In de nasleep van de Staatsgreep van 2009 in HondurasIk had de gelegenheid om de afgezette president Manuel Zelaya te interviewen, die, na vriendelijk in zijn pyjama door het Hondurese leger naar Costa Rica te zijn begeleid, vervolgens in Tegucigalpa was opgedoken en zijn toevlucht had gezocht in de ambassade van Brazilië. Het interview vond plaats via een tussenpersoon binnen de ambassade, die mijn vragen doorgaf aan Zelaya.

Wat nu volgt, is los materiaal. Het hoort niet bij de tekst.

lemma closure_image_diff_subset_impressions:
  fixes \<Psi> :: "complex \<Rightarrow> complex"
  assumes cont: "continuous_on {z. 1 < norm z} \<Psi>"
    and lim: "((\<lambda>z. \<Psi> z / z) \<longlongrightarrow> c) at_infinity" and "c \<noteq> 0"
  shows "closure (\<Psi> ` {z. 1 < norm z}) - \<Psi> ` {z. 1 < norm z}
    \<subseteq> (\<Union>w\<in>sphere 0 1. impression \<Psi> w)"
proof
  fix x assume x: "x \<in> closure (\<Psi> ` {z. 1 < norm z}) - \<Psi> ` {z. 1 < norm z}"
  define E where "E = {z::complex. 1 < norm z}"
  obtain q where q: "\<forall>n. q n \<in> \<Psi> ` E" "q \<longlonglongrightarrow> x"
    using DiffD1[OF x] unfolding closure_sequential E_def by blast
  define z where "z n = inv_into E \<Psi> (q n)" for n
  have zE: "z n \<in> E" and "\<Psi> (z n) = q n" for n
    using q(1) unfolding z_def by (auto intro: inv_into_into f_inv_into_f)
  then have qz: "(\<lambda>n. \<Psi> (z n)) \<longlonglongrightarrow> x"
    using q(2) by simp
  obtain R where R: "\<And>z. R \<le> norm z \<Longrightarrow> norm c / 2 * norm z \<le> norm (\<Psi> z)"
    using norm_ge_linear_at_infinity[OF lim \<open>c \<noteq> 0\<close>] by blast
  obtain K where K: "\<And>n. norm (\<Psi> (z n)) \<le> K"
    using convergent_imp_Bseq[OF convergentI[OF qz]] unfolding Bseq_def by blast
  have "z n \<in> cball 0 (max R (2 * K / norm c))" for n
  proof (cases "R \<le> norm (z n)")
    case True
    then have "norm c / 2 * norm (z n) \<le> K"
      using R K order_trans by blast
    then have "norm (z n) \<le> 2 * K / norm c"
      using \<open>c \<noteq> 0\<close> by (simp add: field_simps)
    then show ?thesis
      by simp
  qed auto
  then obtain w r where r: "strict_mono r" and zw: "(z \<circ> r) \<longlonglongrightarrow> w"
    using compact_imp_seq_compact[OF compact_cball] unfolding seq_compact_def by metis
  have qzr: "(\<lambda>n. \<Psi> ((z \<circ> r) n)) \<longlonglongrightarrow> x"
    using LIMSEQ_subseq_LIMSEQ[OF qz r] by (simp add: o_def)
  have "1 \<le> norm w"
    by (rule LIMSEQ_le_const[OF tendsto_norm[OF zw]])
       (use zE in \<open>auto simp: E_def less_imp_le\<close>)
  moreover have "w \<notin> E"
  proof
    assume "w \<in> E"
    then have "(\<lambda>n. \<Psi> ((z \<circ> r) n)) \<longlonglongrightarrow> \<Psi> w"
      using cont zE unfolding E_def by (intro continuous_on_tendsto_compose[OF _ zw]) auto
    then have "x = \<Psi> w"
      using qzr LIMSEQ_unique by blast
    then show False
      using x \<open>w \<in> E\<close> unfolding E_def by auto
  qed
  ultimately have "w \<in> sphere 0 1"
    by (simp add: E_def)
  moreover have "x \<in> impression \<Psi> w"
    unfolding impression_def using zE zw qzr by (intro CollectI exI[of _ "z \<circ> r"]) (auto simp: E_def)
  ultimately show "x \<in> (\<Union>w\<in>sphere 0 1. impression \<Psi> w)"
    by blast
qed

Eén onderwerp dat we ter sprake brachten was een opmerking die de linkse Zelaya had gemaakt over ‘Israëlische huurlingen’ die in Honduras opereren. Dit had voor een voorspelbaar rumoer in de internationale media gezorgd, waarbij commentatoren over elkaar struikelden om de belegerde leider af te schilderen als een extraordinaire antisemiet die op een soort permanente acid-trip zat.

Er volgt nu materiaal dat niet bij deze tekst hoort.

(* Let $\lambda>0$ and let $\{x_n\}$ be a sequence of positive real numbers satisfying $$\lim_{n\to\infty}x_n=0\quad\text{and}\quad\lim_{n\to\infty}\frac{\ln x_n}{\sum_{i=1}^nx_i^\lambda}=-b<0.$$ Then $$\lim_{n\to\infty}\frac{\ln x_n}{\ln n}=-\frac1\lambda.$$ *)

theory Defs
  imports "HOL-Analysis.Analysis"
begin

end

theory Submission
  imports Defs
begin

(* Put y n = x n powr lambda, let S n be its partial sums and c = lambda * b. The hypothesis says
   y n = exp (- (c + o(1)) * S n). For a < c eventually y (n+1) <= exp (- a * S (n+1)), so by
   convexity of exp the increments of exp (a * S n) are at most a and it grows at most linearly;
   for a > c (using y n <= 1) they are at least a * exp (- a), so it grows at least linearly.
   Hence S n / ln n tends to 1 / c, and ln (x n) / ln n = (ln (x n) / S n) * (S n / ln n)
   tends to - b / c = - 1 / lambda. *)

lemma exp_diff_le_mult_exp:
  fixes u v :: real
  shows "exp u - exp v \<le> (u - v) * exp u"
proof -
  have "(1 + (v - u)) * exp u \<le> exp (v - u) * exp u"
    by (rule mult_right_mono[OF exp_ge_add_one_self]) simp
  then show ?thesis by (simp add: algebra_simps flip: exp_add)
qed

lemma bounded_increments_imp_le_linear:
  fixes f :: "nat \<Rightarrow> real"
  assumes "\<And>k. k \<ge> N \<Longrightarrow> f (Suc k) - f k \<le> D" and "n \<ge> N"
  shows "f n \<le> f N + D * (real n - real N)"
  using assms(2)
proof (induction n rule: dec_induct)
  case (step n)
  then show ?case using assms(1)[of n] by (simp add: algebra_simps)
qed simp

lemma tendsto_ln_plus_const_div_ln:
  assumes "a \<noteq> 0"
  shows "(\<lambda>n. (ln (real n) + C) / (a * ln (real n))) \<longlonglongrightarrow> 1 / a"
proof -
  have "(\<lambda>n. C / a / ln (real n)) \<longlonglongrightarrow> 0"
    by (intro tendsto_divide_0[OF tendsto_const] filterlim_at_top_imp_at_infinity
        filterlim_compose[OF ln_at_top filterlim_real_sequentially])
  then have "(\<lambda>n. 1 / a + C / a / ln (real n)) \<longlonglongrightarrow> 1 / a"
    using tendsto_add[OF tendsto_const] by fastforce
  moreover have "eventually (\<lambda>n. 1 / a + C / a / ln (real n) = (ln (real n) + C) / (a * ln (real n))) sequentially"
    using eventually_gt_at_top[of 1]
  proof eventually_elim
    case (elim n)
    then have "ln (real n) > 0" by simp
    then show ?case using assms by (simp add: field_simps)
  qed
  ultimately show ?thesis by (rule Lim_transform_eventually)
qed

lemma partial_sums_upper_ln_bound:
  fixes y S :: "nat \<Rightarrow> real"
  assumes "a > 0" and S_Suc: "\<And>n. S (Suc n) = S n + y (Suc n)"
    and "eventually (\<lambda>n. y n \<le> exp (- a * S n)) sequentially"
  shows "\<exists>C. eventually (\<lambda>n. a * S n \<le> ln (real n) + C) sequentially"
proof -
  obtain N where N: "\<And>n. n \<ge> N \<Longrightarrow> y n \<le> exp (- a * S n)"
    using assms(3) by (auto simp: eventually_sequentially)
  have step: "exp (a * S (Suc n)) - exp (a * S n) \<le> a" if "n \<ge> N" for n
  proof -
    have "exp (a * S (Suc n)) - exp (a * S n) \<le> a * y (Suc n) * exp (a * S (Suc n))"
      using exp_diff_le_mult_exp[of "a * S (Suc n)" "a * S n"] by (simp add: S_Suc algebra_simps)
    also have "\<dots> \<le> a * exp (- a * S (Suc n)) * exp (a * S (Suc n))"
      using N[of "Suc n"] that \<open>a > 0\<close> by (intro mult_right_mono mult_left_mono) auto
    also have "\<dots> = a" by (simp flip: exp_add)
    finally show ?thesis .
  qed
  have linear: "exp (a * S n) \<le> exp (a * S N) + a * (real n - real N)" if "n \<ge> N" for n
    using step that by (rule bounded_increments_imp_le_linear)
  define K where "K = exp (a * S N) + a"
  have "a * S n \<le> ln (real n) + ln K" if "n \<ge> max N 1" for n
  proof -
    have "exp (a * S n) \<le> K * real n"
    proof -
      have "exp (a * S N) * 1 \<le> exp (a * S N) * real n" using that by (intro mult_left_mono) auto
      moreover have "0 \<le> a * real N" using \<open>a > 0\<close> by simp
      moreover have "exp (a * S n) \<le> exp (a * S N) + a * (real n - real N)"
        using linear that by simp
      ultimately show ?thesis unfolding K_def distrib_right right_diff_distrib by linarith
    qed
    moreover have "K > 0" using \<open>a > 0\<close> by (simp add: K_def add_pos_pos)
    ultimately have "a * S n \<le> ln (K * real n)" using that by (subst ln_ge_iff) auto
    also have "\<dots> = ln (real n) + ln K" using \<open>K > 0\<close> that by (simp add: ln_mult)
    finally show ?thesis .
  qed
  then have "eventually (\<lambda>n. a * S n \<le> ln (real n) + ln K) sequentially"
    unfolding eventually_sequentially by blast
  then show ?thesis ..
qed

lemma partial_sums_lower_ln_bound:
  fixes y S :: "nat \<Rightarrow> real"
  assumes "a > 0" and S_Suc: "\<And>n. S (Suc n) = S n + y (Suc n)"
    and "eventually (\<lambda>n. exp (- a * S n) \<le> y n \<and> y n \<le> 1) sequentially"
  shows "\<exists>C. eventually (\<lambda>n. ln (real n) + C \<le> a * S n) sequentially"
proof -
  obtain N where N: "\<And>n. n \<ge> N \<Longrightarrow> exp (- a * S n) \<le> y n \<and> y n \<le> 1"
    using assms(3) by (auto simp: eventually_sequentially)
  define d where "d = a * exp (- a)"
  have step: "d \<le> exp (a * S (Suc n)) - exp (a * S n)" if "n \<ge> N" for n
  proof -
    have "1 = exp (- a * S (Suc n)) * exp (a * S (Suc n))" by (simp flip: exp_add)
    also have "\<dots> \<le> y (Suc n) * exp (a * S (Suc n))"
      using N[of "Suc n"] that by (intro mult_right_mono) auto
    finally have "1 \<le> y (Suc n) * exp (a * S (Suc n))" .
    moreover have "exp (- a) \<le> exp (- a * y (Suc n))"
      using N[of "Suc n"] that \<open>a > 0\<close> by simp
    ultimately have "d \<le> a * (y (Suc n) * exp (a * S (Suc n))) * exp (- a * y (Suc n))"
      unfolding d_def using \<open>a > 0\<close> by (intro mult_mono mult_left_mono) auto
    also have "\<dots> = a * y (Suc n) * exp (a * S n)"
      by (simp add: S_Suc algebra_simps flip: exp_add)
    also have "\<dots> \<le> exp (a * S (Suc n)) - exp (a * S n)"
      using exp_diff_le_mult_exp[of "a * S n" "a * S (Suc n)"] by (simp add: S_Suc algebra_simps)
    finally show ?thesis .
  qed
  have linear: "d * (real n - real N) \<le> exp (a * S n)" if "n \<ge> N" for n
  proof -
    have "- exp (a * S n) \<le> - exp (a * S N) + - d * (real n - real N)"
      using step that by (intro bounded_increments_imp_le_linear[where f = "\<lambda>n. - exp (a * S n)"]) force+
    then show ?thesis using exp_gt_zero[of "a * S N"] by linarith
  qed
  have "d > 0" using \<open>a > 0\<close> by (simp add: d_def)
  have "ln (real n) + ln (d / 2) \<le> a * S n" if "n \<ge> max (2 * N) 1" for n
  proof -
    have "d * real N \<le> d * (real n / 2)"
      using that \<open>d > 0\<close> by (intro mult_left_mono) auto
    then have "d / 2 * real n \<le> d * (real n - real N)"
      by (simp add: algebra_simps)
    also have "\<dots> \<le> exp (a * S n)" using linear that by simp
    finally have "d / 2 * real n \<le> exp (a * S n)" .
    have "ln (real n) + ln (d / 2) = ln (d / 2 * real n)"
      using that \<open>d > 0\<close> by (subst ln_mult) auto
    also have "\<dots> \<le> ln (exp (a * S n))"
      using \<open>d / 2 * real n \<le> exp (a * S n)\<close> that \<open>d > 0\<close> by (subst ln_le_cancel_iff) auto
    finally show ?thesis by simp
  qed
  then have "eventually (\<lambda>n. ln (real n) + ln (d / 2) \<le> a * S n) sequentially"
    unfolding eventually_sequentially by blast
  then show ?thesis ..
qed

lemma tendsto_div_ln_of_ln_bounds:
  fixes S :: "nat \<Rightarrow> real"
  assumes "c > 0"
    and upper: "\<And>a. 0 < a \<Longrightarrow> a < c \<Longrightarrow> \<exists>C. eventually (\<lambda>n. a * S n \<le> ln (real n) + C) sequentially"
    and lower: "\<And>a. c < a \<Longrightarrow> \<exists>C. eventually (\<lambda>n. ln (real n) + C \<le> a * S n) sequentially"
  shows "(\<lambda>n. S n / ln (real n)) \<longlonglongrightarrow> 1 / c"
proof (rule order_tendstoI)
  fix u assume "1 / c < u"
  then obtain t where t: "1 / c < t" "t < u" using dense by blast
  have "t > 0" using t(1) \<open>c > 0\<close> by (meson divide_pos_pos less_trans zero_less_one)
  then have "0 < 1 / t" "1 / t < c" "1 / (1 / t) < u" using t \<open>c > 0\<close> by (simp_all add: field_simps)
  then obtain a where a: "0 < a" "a < c" "1 / a < u" by blast
  then obtain C where C: "eventually (\<lambda>n. a * S n \<le> ln (real n) + C) sequentially"
    using upper by blast
  have "eventually (\<lambda>n. (ln (real n) + C) / (a * ln (real n)) < u) sequentially"
    using order_tendstoD(2)[OF tendsto_ln_plus_const_div_ln] a by simp
  with C eventually_gt_at_top[of 1]
  show "eventually (\<lambda>n. S n / ln (real n) < u) sequentially"
  proof eventually_elim
    case (elim n)
    then have "ln (real n) > 0" by simp
    have "S n / ln (real n) = a * S n / (a * ln (real n))" using a by simp
    also have "\<dots> \<le> (ln (real n) + C) / (a * ln (real n))"
      using elim(1) \<open>ln (real n) > 0\<close> a by (intro divide_right_mono) auto
    finally show ?case using elim(3) by linarith
  qed
next
  fix l assume "l < 1 / c"
  moreover have "0 < 1 / c" using \<open>c > 0\<close> by simp
  ultimately obtain t where t: "max l 0 < t" "t < 1 / c" using dense by (metis max_less_iff_conj)
  then have "c < 1 / t" "l < 1 / (1 / t)" using \<open>c > 0\<close> by (simp_all add: field_simps)
  then obtain a where a: "c < a" "l < 1 / a" by blast
  have "0 < a" using a(1) \<open>c > 0\<close> by simp
  obtain C where C: "eventually (\<lambda>n. ln (real n) + C \<le> a * S n) sequentially"
    using lower a(1) by blast
  have "eventually (\<lambda>n. l < (ln (real n) + C) / (a * ln (real n))) sequentially"
    using order_tendstoD(1)[OF tendsto_ln_plus_const_div_ln] a \<open>0 < a\<close> by simp
  with C eventually_gt_at_top[of 1]
  show "eventually (\<lambda>n. l < S n / ln (real n)) sequentially"
  proof eventually_elim
    case (elim n)
    then have "ln (real n) > 0" by simp
    have "(ln (real n) + C) / (a * ln (real n)) \<le> a * S n / (a * ln (real n))"
      using elim(1) \<open>ln (real n) > 0\<close> \<open>0 < a\<close> by (intro divide_right_mono) auto
    also have "\<dots> = S n / ln (real n)" using \<open>0 < a\<close> by simp
    finally show ?case using elim(3) by linarith
  qed
qed

lemma partial_sums_div_ln_tendsto:
  fixes y S :: "nat \<Rightarrow> real"
  assumes "c > 0" and S_Suc: "\<And>n. S (Suc n) = S n + y (Suc n)"
    and y_pos: "eventually (\<lambda>n. 0 < y n) sequentially"
    and y_le_1: "eventually (\<lambda>n. y n \<le> 1) sequentially"
    and lim: "(\<lambda>n. ln (y n) / S n) \<longlonglongrightarrow> - c"
  shows "(\<lambda>n. S n / ln (real n)) \<longlonglongrightarrow> 1 / c"
proof -
  have "eventually (\<lambda>n. ln (y n) / S n < 0) sequentially"
    using order_tendstoD(2)[OF lim] \<open>c > 0\<close> by simp
  then have S_pos: "eventually (\<lambda>n. 0 < S n) sequentially"
    using y_pos y_le_1
  proof eventually_elim
    case (elim n)
    then have "ln (y n) \<le> 0" by simp
    then show ?case using elim(1) by (metis divide_nonpos_nonpos linorder_not_le order_less_irrefl)
  qed
  show ?thesis
  proof (rule tendsto_div_ln_of_ln_bounds[OF \<open>c > 0\<close>])
    fix a
    assume "0 < a" "a < c"
    have "eventually (\<lambda>n. ln (y n) / S n < - a) sequentially"
      using order_tendstoD(2)[OF lim] \<open>a < c\<close> by simp
    then have "eventually (\<lambda>n. y n \<le> exp (- a * S n)) sequentially"
      using S_pos y_pos
    proof eventually_elim
      case (elim n)
      then have "ln (y n) \<le> - a * S n" by (simp add: pos_divide_less_eq)
      then have "exp (ln (y n)) \<le> exp (- a * S n)" by simp
      then show ?case using elim(3) by simp
    qed
    then show "\<exists>C. eventually (\<lambda>n. a * S n \<le> ln (real n) + C) sequentially"
      using partial_sums_upper_ln_bound[where y = y and S = S, OF \<open>0 < a\<close> S_Suc] by blast
  next
    fix a
    assume "c < a"
    have "eventually (\<lambda>n. - a < ln (y n) / S n) sequentially"
      using order_tendstoD(1)[OF lim] \<open>c < a\<close> by simp
    then have "eventually (\<lambda>n. exp (- a * S n) \<le> y n \<and> y n \<le> 1) sequentially"
      using S_pos y_pos y_le_1
    proof eventually_elim
      case (elim n)
      then have "- a * S n \<le> ln (y n)" by (simp add: pos_less_divide_eq)
      then show ?case using elim(3,4) by (simp add: ln_ge_iff)
    qed
    moreover have "0 < a" using \<open>c > 0\<close> \<open>c < a\<close> by simp
    ultimately show "\<exists>C. eventually (\<lambda>n. ln (real n) + C \<le> a * S n) sequentially"
      using partial_sums_lower_ln_bound[where y = y and S = S, OF _ S_Suc] by blast
  qed
qed

theorem lemma8:
  fixes x :: "nat \<Rightarrow> real" and lambda b :: real
  assumes "lambda > 0"
    and "\<And>n. n \<ge> 1 \<Longrightarrow> x n > 0"
    and "x \<longlonglongrightarrow> 0"
    and "b > 0"
    and "(\<lambda>n. ln (x n) / (\<Sum>i=1..n. x i powr lambda)) \<longlonglongrightarrow> - b"
  shows "(\<lambda>n. ln (x n) / ln (real n)) \<longlonglongrightarrow> - 1 / lambda"
proof -
  define y where "y n = x n powr lambda" for n
  define S where "S n = (\<Sum>i=1..n. y i)" for n
  have S_Suc: "S (Suc n) = S n + y (Suc n)" for n
    by (simp add: S_def)
  have x_pos: "eventually (\<lambda>n. 0 < x n) sequentially"
    using eventually_ge_at_top[of 1] by eventually_elim (rule assms(2))
  then have y_pos: "eventually (\<lambda>n. 0 < y n) sequentially"
    by eventually_elim (simp add: y_def)
  have "y \<longlonglongrightarrow> 0"
    unfolding y_def using x_pos assms(1,3)
    by (intro tendsto_zero_powrI tendsto_const) (auto elim: eventually_mono)
  then have "eventually (\<lambda>n. y n < 1) sequentially"
    by (rule order_tendstoD(2)) simp
  then have y_le_1: "eventually (\<lambda>n. y n \<le> 1) sequentially"
    by eventually_elim simp
  have S_pos: "eventually (\<lambda>n. 0 < S n) sequentially"
    using eventually_ge_at_top[of 1]
    by eventually_elim (auto simp: S_def y_def intro!: sum_pos less_imp_neq[OF assms(2), symmetric])
  have "(\<lambda>n. lambda * (ln (x n) / S n)) \<longlonglongrightarrow> lambda * - b"
    using tendsto_mult[OF tendsto_const assms(5)] by (simp add: S_def y_def)
  moreover have "eventually (\<lambda>n. lambda * (ln (x n) / S n) = ln (y n) / S n) sequentially"
    using x_pos by eventually_elim (simp add: y_def ln_powr)
  ultimately have "(\<lambda>n. ln (y n) / S n) \<longlonglongrightarrow> - (lambda * b)"
    by (auto intro: Lim_transform_eventually)
  with assms(1,4) S_Suc y_pos y_le_1
  have "(\<lambda>n. S n / ln (real n)) \<longlonglongrightarrow> 1 / (lambda * b)"
    by (intro partial_sums_div_ln_tendsto) auto
  with assms(5) have "(\<lambda>n. ln (x n) / S n * (S n / ln (real n))) \<longlonglongrightarrow> - b * (1 / (lambda * b))"
    by (intro tendsto_mult) (simp_all add: S_def y_def)
  moreover have "eventually (\<lambda>n. ln (x n) / S n * (S n / ln (real n)) = ln (x n) / ln (real n)) sequentially"
    using S_pos by eventually_elim simp
  ultimately have "(\<lambda>n. ln (x n) / ln (real n)) \<longlonglongrightarrow> - b * (1 / (lambda * b))"
    by (rule Lim_transform_eventually)
  then show ?thesis using assms(4) by simp
qed

end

In mijn verslag van het interview, dat in een onbeduidende publicatie werd gepubliceerd, wees ik er toevallig op dat Israëlische huurlingen niet bepaald vreemd waren in het Midden-Amerikaanse landschap. Toen het stuk uitkwam, kreeg de uitgever van een andere onbeduidende publicatie – waaraan ik een aantal anti-staatsgreepartikelen had bijgedragen – een aanval. Hoe durf ik de Israëliërs erbij te betrekken; Ik zou heel Washington vervreemden!
Nu de staatsgreep Honduras zijn rechtmatige positie als glorieus centrum van rechts-extremisme heeft teruggegeven, is het zelfs nog gemakkelijker om de Israëliërs erbij te betrekken. En de huidige Hondurese president Juan Orlando Hernández weet dat.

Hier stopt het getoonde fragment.